Exercise aim>
Identify each line below that contains the word "assumes", and copy it out.

╭─ Available records

definition pick :: "'a set \<Rightarrow> ('a \<Rightarrow> 'b) \<Rightarrow> ('a \<Rightarrow> 'b) \<Rightarrow> 'a \<Rightarrow> 'b" where
  "pick Q f g r = (if r \<in> Q then f r else g r)"

locale optimal_children =
  fixes b :: "'v \<Rightarrow> nat" and w :: "'v set \<Rightarrow> real" and i :: 'v and R :: "'v set"
    and S n0 n1 :: "'v \<Rightarrow> 'v list set" and gain :: "'v \<Rightarrow> real"
  assumes finite_R: "finite R" and R_nonempty: "R \<noteq> {}"
    and S_rooted: "rooted_at R S" and root_in_S: "\<forall>r\<in>R. [r] \<in> S r"
    and finite_S: "\<forall>r\<in>R. finite (S r)"
    and optimal: "\<forall>r\<in>R. optimal_pair b w (S r) r i (n0 r) (n1 r)"
    and gain: "\<forall>r\<in>R. branch_weight w i (n1 r) - branch_weight w i (n0 r) = gain r"
begin

lemma pick_subset: "\<forall>r\<in>R. pick Q n1 n0 r \<subseteq> S r"
  using optimal unfolding pick_def optimal_pair_def branch_b_matching_def by auto

lemma pick_rooted: "rooted_at R (pick Q n1 n0)"
  using rooted_at_mono[OF S_rooted pick_subset] .

lemma finite_pick: "\<forall>r\<in>R. finite (pick Q n1 n0 r)"
  using pick_subset finite_S finite_subset by metis

lemma root_edges_pick: "Q \<subseteq> R \<Longrightarrow> {r \<in> R. [r] \<in> pick Q n1 n0 r} = Q"
  using optimal unfolding pick_def optimal_pair_def by auto

lemma branch_b_matching_graft_pick:
  assumes "Q \<subseteq> R" and "card Q + (if m then 1 else 0) = b i"
  shows "branch_b_matching b (graft i R S True) (graft i R (pick Q n1 n0) m)"
proof -
  have "\<forall>r\<in>R. branch_b_matching b (S r) (pick Q n1 n0 r)"
    using optimal unfolding pick_def optimal_pair_def by auto
  then show ?thesis
    using branch_b_matching_graft[OF finite_R S_rooted root_in_S pick_subset] root_edges_pick assms
    by auto
qed

lemma sum_branch_weight_pick:
  assumes "Q \<subseteq> R"
  shows "(\<Sum>r\<in>R. branch_weight w i (pick Q n1 n0 r)) = (\<Sum>r\<in>R. branch_weight w i (n0 r)) + sum gain Q"
proof -
  have "(\<Sum>r\<in>R. branch_weight w i (pick Q n1 n0 r))
      = (\<Sum>r\<in>R. branch_weight w i (n0 r) + (if r \<in> Q then gain r else 0))"
    using gain unfolding pick_def by (intro sum.cong) auto
  also have "\<dots> = (\<Sum>r\<in>R. branch_weight w i (n0 r)) + sum gain (R \<inter> Q)"
    using finite_R by (simp add: sum.distrib sum.inter_restrict)
  finally show ?thesis using assms by (simp add: Int_absorb1)
qed

lemma branch_weight_graft_pick:
  assumes "Q \<subseteq> R"
  shows "branch_weight w j (graft i R (pick Q n1 n0) m)
    = (if m then w {j, i} else 0) + (\<Sum>r\<in>R. branch_weight w i (n0 r)) + sum gain Q"
  using branch_weight_graft[OF finite_R pick_rooted finite_pick] sum_branch_weight_pick[OF assms]
  by simp

text \<open>T is the set of children whose root edge N uses.\<close>
lemma branch_weight_graft_lower_bound:
  assumes N: "branch_b_matching b (graft i R S True) N" and root: "[i] \<in> N \<longleftrightarrow> m"
  obtains T where "T \<subseteq> R" and "card T + (if m then 1 else 0) = b i"
    and "(if m then w {j, i} else 0) + (\<Sum>r\<in>R. branch_weight w i (n0 r)) + sum gain T
           \<le> branch_weight w j N"
proof -
  define Nr where "Nr = (\<lambda>r. graft_part i N (S r))"
  have N_sub: "N \<subseteq> graft i R S True" using N unfolding branch_b_matching_def by blast
  have N_eq: "N = graft i R Nr m"
    using graft_decompose[OF S_rooted N_sub] root unfolding Nr_def by simp
  have Nr_sub: "\<forall>r\<in>R. Nr r \<subseteq> S r" unfolding Nr_def by (simp add: graft_part_subset)
  have Nr_rooted: "rooted_at R Nr" using rooted_at_mono[OF S_rooted Nr_sub] .
  have finite_Nr: "\<forall>r\<in>R. finite (Nr r)" using Nr_sub finite_S finite_subset by metis
  define T where "T = {r \<in> R. [r] \<in> Nr r}"
  have Nr_matching: "\<forall>r\<in>R. branch_b_matching b (S r) (Nr r)"
    and card_T: "card T + (if m then 1 else 0) = b i"
    using N N_eq branch_b_matching_graft[OF finite_R S_rooted root_in_S Nr_sub, of b i m] R_nonempty
    unfolding T_def by auto
  have "(\<Sum>r\<in>R. branch_weight w i (pick T n1 n0 r)) \<le> (\<Sum>r\<in>R. branch_weight w i (Nr r))"
    using optimal Nr_matching unfolding pick_def optimal_pair_def T_def by (intro sum_mono) auto
  moreover have "branch_weight w j N = (if m then w {j, i} else 0) + (\<Sum>r\<in>R. branch_weight w i (Nr r))"
    using branch_weight_graft[OF finite_R Nr_rooted finite_Nr] N_eq by simp
  ultimately show ?thesis
    using that[of T] card_T sum_branch_weight_pick[of T] unfolding T_def by auto
qed

lemma graft_pick_minimal:
  assumes Q: "Q \<subseteq> R" "card Q + (if m then 1 else 0) = b i" "\<forall>x\<in>Q. \<forall>y\<in>R - Q. gain x \<le> gain y"
    and N: "branch_b_matching b (graft i R S True) N" "[i] \<in> N \<longleftrightarrow> m"
  shows "branch_weight w j (graft i R (pick Q n1 n0) m) \<le> branch_weight w j N"
proof -
  obtain T where T: "T \<subseteq> R" "card T + (if m then 1 else 0) = b i"
    and bound: "(if m then w {j, i} else 0) + (\<Sum>r\<in>R. branch_weight w i (n0 r)) + sum gain T
           \<le> branch_weight w j N"
    using branch_weight_graft_lower_bound[OF N] .
  have "sum gain Q \<le> sum gain T"
    using sum_smallest_le[OF finite_R Q(1) T(1) _ Q(3)] Q(2) T(2) by simp
  then show ?thesis using bound branch_weight_graft_pick[OF Q(1)] by simp
qed

lemma min_perfect_tree_b_matching_graft_pick:
  assumes F: "F \<subseteq> R" "card F = b i" "\<forall>x\<in>F. \<forall>y\<in>R - F. gain x \<le> gain y"
  shows "min_perfect_tree_b_matching w b (graft i R S True) (graft i R (pick F n1 n0) False)"
proof -
  have F': "card F + (if False then 1 else 0) = b i" using F(2) by simp
  note perfect_iff = perfect_tree_b_matching_graft_iff[OF S_rooted]
  have tree_weight: "(\<Sum>q\<in>M. tree_edge_weight w q) = branch_weight w i M"
    if "perfect_tree_b_matching b (graft i R S True) M" for M
    using that unfolding perfect_tree_b_matching_def tree_edges_def by (intro sum_tree_edge_weight) blast
  have perfect: "perfect_tree_b_matching b (graft i R S True) (graft i R (pick F n1 n0) False)"
    unfolding perfect_iff
    using branch_b_matching_graft_pick[OF F(1) F'] root_mem_graft[OF pick_rooted] by blast
  have "branch_weight w i (graft i R (pick F n1 n0) False) \<le> branch_weight w i M"
    if "perfect_tree_b_matching b (graft i R S True) M" for M
    using that graft_pick_minimal[OF F(1) F' F(3)] unfolding perfect_iff by blast
  then show ?thesis
    unfolding min_perfect_tree_b_matching_def using perfect tree_weight by simp
qed

end

section \<open>Computation branches and messages\<close>

lemma nbrs_subset: "simple_graph V E \<Longrightarrow> nbrs E i \<subseteq> V"
  unfolding simple_graph_def nbrs_def by (auto simp: doubleton_eq_iff)

lemma finite_nbrs: "simple_graph V E \<Longrightarrow> finite (nbrs E i)"
  using nbrs_subset simple_graph_def finite_subset by metis

lemma branch_Suc_graft:
  "(i, j) \<in> A (Suc t) \<Longrightarrow> branch E A (Suc t) i j = graft i (nbrs E i - {j}) (\<lambda>r. branch E A t r i) True"
  unfolding graft_def by simp

lemma comp_tree_graft: "comp_tree E A t i = graft i (nbrs E i) (\<lambda>r. branch E A t r i) True"
  unfolding graft_def comp_tree_def by simp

╰─

Written answer>
  assumes finite_R: "finite R" and R_nonempty: "R \<noteq> {}"
  assumes "Q \<subseteq> R" and "card Q + (if m then 1 else 0) = b i"
  assumes "Q \<subseteq> R"
  assumes "Q \<subseteq> R"
  assumes N: "branch_b_matching b (graft i R S True) N" and root: "[i] \<in> N \<longleftrightarrow> m"
  assumes Q: "Q \<subseteq> R" "card Q + (if m then 1 else 0) = b i" "\<forall>x\<in>Q. \<forall>y\<in>R - Q. gain x \<le> gain y"
  assumes F: "F \<subseteq> R" "card F = b i" "\<forall>x\<in>F. \<forall>y\<in>R - F. gain x \<le> gain y"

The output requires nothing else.